Read through the listing below and copy each line in which the word "imports" occurs.

>>>

(* Let $B\ge1$ and let $X_B$ be a central chi-square random variable with $B$ degrees of freedom. For $\tau>0$ define $$h(\tau^2)=\frac{\tau}{\mathbb E\{(\sqrt{X_B}-\tau)\mathbb I_{X_B\ge\tau^2}\}},\qquad g(\tau^2)=\frac{\tau\,\mathbb E\{(\sqrt{X_B}-\tau)^2\mathbb I_{X_B\ge\tau^2}\}}{\mathbb E\{(\sqrt{X_B}-\tau)\mathbb I_{X_B\ge\tau^2}\}}.$$ Then for every $\tau\in(0,\infty)$, setting $\varepsilon=1/(1+h(\tau^2))$, we have $$M_B(\varepsilon\mid\mathrm{BlockSoft})=\frac{B+\tau^2+g(\tau^2)}{B\,(1+h(\tau^2))},$$ and $\tau$ is the minimax threshold, i.e. it attains the infimum over thresholds in the definition of $M_B(\varepsilon\mid\mathrm{BlockSoft})$.
   Context: Block soft thresholding on $\mathbb R^B$: $\eta^{soft}(y;\tau)=(1-\tau/\|y\|_2)_+\,y$ for $\tau\ge0$. Let $\mathcal F_{\varepsilon,B}=\{\nu\in\mathcal P(\mathbb R^B):\nu(\{0\})\ge1-\varepsilon\}$. The minimax MSE is $$M_B(\varepsilon\mid\mathrm{BlockSoft})=\frac1B\inf_{\tau\ge0}\sup_{\nu\in\mathcal F_{\varepsilon,B}}\mathbb E_\nu\|\mathbf X-\eta^{soft}(\mathbf X+\mathbf Z;\tau)\|_2^2,$$ with $\mathbf X\sim\nu$ independent of $\mathbf Z\sim\mathsf N(0,I_{B\times B})$. *)

theory Defs
  imports "HOL-Probability.Probability"
begin

definition block_soft :: "real ^ 'n \<Rightarrow> real \<Rightarrow> real ^ 'n" where
  "block_soft y \<tau> = max 0 (1 - \<tau> / norm y) *\<^sub>R y"

definition std_gauss :: "(real ^ 'n::finite) measure" where
  "std_gauss = density lborel
     (\<lambda>z. ennreal ((2 * pi) powr (- real CARD('n) / 2) * exp (- (norm z)\<^sup>2 / 2)))"

definition sparse_priors :: "real \<Rightarrow> (real ^ 'n::finite) measure set" where
  "sparse_priors \<epsilon> = {\<nu>. prob_space \<nu> \<and> sets \<nu> = sets borel \<and> measure \<nu> {0} \<ge> 1 - \<epsilon>}"

definition soft_risk :: "(real ^ 'n::finite) measure \<Rightarrow> real \<Rightarrow> ennreal" where
  "soft_risk \<nu> \<tau> = (\<integral>\<^sup>+ x. (\<integral>\<^sup>+ z. ennreal ((norm (x - block_soft (x + z) \<tau>))\<^sup>2)
                        \<partial>(std_gauss :: (real ^ 'n) measure)) \<partial>\<nu>)"

text \<open>Minimax MSE M_B(eps | BlockSoft), B = CARD('n).\<close>
definition minimax_blocksoft :: "'n::finite itself \<Rightarrow> real \<Rightarrow> ennreal" where
  "minimax_blocksoft _ \<epsilon> =
     (INF \<tau>\<in>{0..}. SUP \<nu>\<in>(sparse_priors \<epsilon> :: (real ^ 'n) measure set). soft_risk \<nu> \<tau>)
       / ennreal (real CARD('n))"

definition chi_square_density :: "real \<Rightarrow> real \<Rightarrow> real" where
  "chi_square_density k x =
     (if x > 0 then x powr (k / 2 - 1) * exp (- x / 2) / (2 powr (k / 2) * Gamma (k / 2)) else 0)"

definition chi_square :: "real \<Rightarrow> real measure" where
  "chi_square k = density lborel (\<lambda>x. ennreal (chi_square_density k x))"

definition chi_m1 :: "real \<Rightarrow> real \<Rightarrow> real" where
  "chi_m1 k \<tau> = (\<integral> x. (if x \<ge> \<tau>\<^sup>2 then sqrt x - \<tau> else 0) \<partial>chi_square k)"

definition chi_m2 :: "real \<Rightarrow> real \<Rightarrow> real" where
  "chi_m2 k \<tau> = (\<integral> x. (if x \<ge> \<tau>\<^sup>2 then (sqrt x - \<tau>)\<^sup>2 else 0) \<partial>chi_square k)"

definition h_fun :: "real \<Rightarrow> real \<Rightarrow> real" where
  "h_fun k \<tau> = \<tau> / chi_m1 k \<tau>"

definition g_fun :: "real \<Rightarrow> real \<Rightarrow> real" where
  "g_fun k \<tau> = \<tau> * chi_m2 k \<tau> / chi_m1 k \<tau>"

end

theory Submission
  imports Defs
begin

<<<

- [Exercise response]
  imports "HOL-Probability.Probability"
  imports Defs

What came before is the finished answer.